··· SOURCE RECORDS
lemma weak_sol_with_gradient_cong:
  fixes \<Omega> :: "(real^'n) set"
  assumes "open \<Omega>" "H01 \<Omega> u G" "H01 \<Omega> u G'"
  shows "weak_sol_with M lam mu q p \<Omega> u G' \<longleftrightarrow> weak_sol_with M lam mu q p \<Omega> u G"
proof -
  let ?M = "restrict_space lborel \<Omega>"
  have ae: "AE x in ?M. G' x = G x" by (rule H01_gradient_unique[OF assms])
  have [measurable]: "G \<in> borel_measurable ?M" "G' \<in> borel_measurable ?M"
    using assms(2,3) unfolding H01_restrict_space[OF assms(1)] by auto
  have "integral\<^sup>L ?M (\<lambda>x. (norm (G' x))\<^sup>2) = integral\<^sup>L ?M (\<lambda>x. (norm (G x))\<^sup>2)"
    by (rule integral_cong_AE) (use ae in auto)
  moreover have "integrable ?M (\<lambda>x. G' x \<bullet> grad \<phi> x) \<longleftrightarrow> integrable ?M (\<lambda>x. G x \<bullet> grad \<phi> x)"
    and "integral\<^sup>L ?M (\<lambda>x. G' x \<bullet> grad \<phi> x) = integral\<^sup>L ?M (\<lambda>x. G x \<bullet> grad \<phi> x)"
    if "test_fun \<Omega> \<phi>" for \<phi>
    using test_fun_in_L2(2)[OF assms(1) that]
    by (intro integrable_cong_AE integral_cong_AE; use ae in \<open>auto elim: AE_mp\<close>)+
  ultimately show ?thesis
    unfolding weak_sol_with_restrict_space[OF assms(1)] using assms(2,3) by auto
qed

lemma dirichlet_pos_of_weak_sol:
  fixes \<Omega> :: "(real^'n) set"
  assumes "open \<Omega>" "\<Omega> \<noteq> {}" "weak_sol_with M lam mu q p \<Omega> u G" "lam \<ge> 0" "mu > 0"
  shows "dirichlet \<Omega> G > 0"
proof (rule ccontr)
  let ?M = "restrict_space lborel \<Omega>"
  let ?f = "\<lambda>x. lam * u x powr (q - 1) + mu * u x powr (p - 1)"
  assume "\<not> dirichlet \<Omega> G > 0"
  moreover have "0 \<le> integral\<^sup>L ?M (\<lambda>x. (norm (G x))\<^sup>2)" by simp
  ultimately have D0: "integral\<^sup>L ?M (\<lambda>x. (norm (G x))\<^sup>2) = 0"
    unfolding dirichlet_def set_lborel_conv_restrict_space[OF assms(1)] by linarith
  note S = assms(3)[unfolded weak_sol_with_restrict_space[OF assms(1)]]
  have H: "G \<in> borel_measurable ?M" "integrable ?M (\<lambda>x. (norm (G x))\<^sup>2)"
    and upos: "AE x in ?M. u x > 0"
    using S unfolding H01_restrict_space[OF assms(1)] by auto
  obtain x0 where "x0 \<in> \<Omega>" using assms(2) by blast
  then obtain \<phi> r where \<phi>: "test_fun \<Omega> \<phi>" "r > 0" "ball x0 r \<subseteq> \<Omega>" "\<And>x. \<phi> x \<ge> 0"
    "\<And>x. x \<in> ball x0 r \<Longrightarrow> \<phi> x > 0"
    using test_fun_pos_on_ball[OF assms(1)] by metis
  note \<phi>_L2 = test_fun_in_L2[OF assms(1) \<phi>(1)]
  have eq: "M 0 * integral\<^sup>L ?M (\<lambda>x. G x \<bullet> grad \<phi> x) = integral\<^sup>L ?M (\<lambda>x. ?f x * \<phi> x)"
    and int: "integrable ?M (\<lambda>x. ?f x * \<phi> x)"
    using S \<phi>(1) D0 by auto
  have "\<bar>integral\<^sup>L ?M (\<lambda>x. G x \<bullet> grad \<phi> x)\<bar> \<le> sqrt 0 * sqrt (integral\<^sup>L ?M (\<lambda>x. (norm (grad \<phi> x))\<^sup>2))"
    using Cauchy_Schwarz_integral_inner[OF H(1) \<phi>_L2(2) H(2) \<phi>_L2(5)] D0 by simp
  with eq have "integral\<^sup>L ?M (\<lambda>x. ?f x * \<phi> x) = 0" by simp
  moreover have "AE x in ?M. 0 \<le> ?f x * \<phi> x"
    using upos by eventually_elim (use \<phi>(4) assms(4,5) in auto)
  ultimately have "AE x in ?M. ?f x * \<phi> x = 0"
    using integral_nonneg_eq_0_iff_AE[OF int] by simp
  then have "AE x in ?M. x \<notin> ball x0 r"
    using upos
  proof eventually_elim
    case (elim x)
    then have "?f x > 0" using assms(4,5) by (intro add_nonneg_pos) auto
    with elim(1) \<phi>(5)[of x] show "x \<notin> ball x0 r" by auto
  qed
  with not_AE_restrict_space_notin_ball[OF assms(1) \<phi>(3,2)] show False by blast
qed

lemma exists_test_fun_integral_grad_neq_0:
  fixes \<Omega> :: "(real^'n) set"
  assumes "open \<Omega>" "H01 \<Omega> u G" "dirichlet \<Omega> G \<noteq> 0"
  obtains \<phi> where "test_fun \<Omega> \<phi>" "integral\<^sup>L (restrict_space lborel \<Omega>) (\<lambda>x. G x \<bullet> grad \<phi> x) \<noteq> 0"
proof (rule ccontr)
  assume "\<not> thesis"
  with that have "integral\<^sup>L (restrict_space lborel \<Omega>) (\<lambda>x. G x \<bullet> grad \<phi> x) = 0"
    if "test_fun \<Omega> \<phi>" for \<phi>
    using that by blast
  moreover have "G \<in> borel_measurable (restrict_space lborel \<Omega>)"
    "integrable (restrict_space lborel \<Omega>) (\<lambda>x. (norm (G x))\<^sup>2)"
    using assms(2) unfolding H01_restrict_space[OF assms(1)] by auto
  ultimately have "integral\<^sup>L (restrict_space lborel \<Omega>) (\<lambda>x. G x \<bullet> G x) = 0"
    using H01_integral_inner_eq_0[OF assms(1,2), of G] by blast
  with assms(3) show False
    by (simp add: dirichlet_def set_lborel_conv_restrict_space[OF assms(1)] power2_norm_eq_inner)
qed

lemma sol_Kirchhoff_iff_weak_sol_with:
  fixes \<Omega> :: "(real^'n) set"
  assumes "open \<Omega>" "H01 \<Omega> u G"
  shows "sol_Kirchhoff a b lam mu q p \<Omega> u \<longleftrightarrow> weak_sol_with (\<lambda>D. a + b * D) lam mu q p \<Omega> u G"
proof
  assume "sol_Kirchhoff a b lam mu q p \<Omega> u"
  then obtain G' where sol: "weak_sol_with (\<lambda>D. a + b * D) lam mu q p \<Omega> u G'"
    unfolding sol_Kirchhoff_def by blast
  then have "H01 \<Omega> u G'" unfolding weak_sol_with_def by blast
  with sol show "weak_sol_with (\<lambda>D. a + b * D) lam mu q p \<Omega> u G"
    using weak_sol_with_gradient_cong[OF assms] by blast
qed (auto simp: sol_Kirchhoff_def)

lemma scaled_nonlinearity:
  fixes t v :: real
  assumes "t > 0" "v > 0" "lam * t powr (q - 1) = mu * t powr (p - 1) * \<alpha>"
  shows "lam * (t * v) powr (q - 1) + mu * (t * v) powr (p - 1)
    = mu * t powr (p - 1) * (\<alpha> * v powr (q - 1) + 1 * v powr (p - 1))"
proof -
  have "lam * (t * v) powr (q - 1) + mu * (t * v) powr (p - 1)
      = (lam * t powr (q - 1)) * v powr (q - 1) + mu * t powr (p - 1) * v powr (p - 1)"
    using assms(1,2) by (simp add: powr_mult)
  then show ?thesis unfolding assms(3) by (simp add: algebra_simps)
qed

lemma integral_scaled_nonlinearity:
  fixes u \<phi> :: "'a \<Rightarrow> real"
  assumes upos: "AE x in M. u x > 0" and [measurable]: "u \<in> borel_measurable M" "\<phi> \<in> borel_measurable M"
    and "t > 0" and balance: "lam * t powr (q - 1) = mu * t powr (p - 1) * \<alpha>"
    and int: "integrable M (\<lambda>x. (\<alpha> * u x powr (q - 1) + 1 * u x powr (p - 1)) * \<phi> x)"
  shows "integrable M (\<lambda>x. (lam * (t * u x) powr (q - 1) + mu * (t * u x) powr (p - 1)) * \<phi> x)"
    and "integral\<^sup>L M (\<lambda>x. (lam * (t * u x) powr (q - 1) + mu * (t * u x) powr (p - 1)) * \<phi> x)
      = mu * t powr (p - 1) * integral\<^sup>L M (\<lambda>x. (\<alpha> * u x powr (q - 1) + 1 * u x powr (p - 1)) * \<phi> x)"
proof -
  let ?f = "\<lambda>x. (\<alpha> * u x powr (q - 1) + 1 * u x powr (p - 1)) * \<phi> x"
  let ?g = "\<lambda>x. (lam * (t * u x) powr (q - 1) + mu * (t * u x) powr (p - 1)) * \<phi> x"
  have ae: "AE x in M. ?g x = mu * t powr (p - 1) * ?f x"
    using upos by eventually_elim (simp add: scaled_nonlinearity[OF \<open>t > 0\<close> _ balance])
  show "integrable M ?g"
    using integrable_cong_AE[of ?g M "\<lambda>x. mu * t powr (p - 1) * ?f x"] ae int by simp
  show "integral\<^sup>L M ?g = mu * t powr (p - 1) * integral\<^sup>L M ?f"
    using integral_cong_AE[of ?g M "\<lambda>x. mu * t powr (p - 1) * ?f x"] ae by simp
qed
······
* **EXERCISE PROMPT**
Write out each line of the data that holds the string "longleftrightarrow".

* **COMPLETED EXERCISE**
  shows "weak_sol_with M lam mu q p \<Omega> u G' \<longleftrightarrow> weak_sol_with M lam mu q p \<Omega> u G"
  moreover have "integrable ?M (\<lambda>x. G' x \<bullet> grad \<phi> x) \<longleftrightarrow> integrable ?M (\<lambda>x. G x \<bullet> grad \<phi> x)"
  shows "sol_Kirchhoff a b lam mu q p \<Omega> u \<longleftrightarrow> weak_sol_with (\<lambda>D. a + b * D) lam mu q p \<Omega> u G"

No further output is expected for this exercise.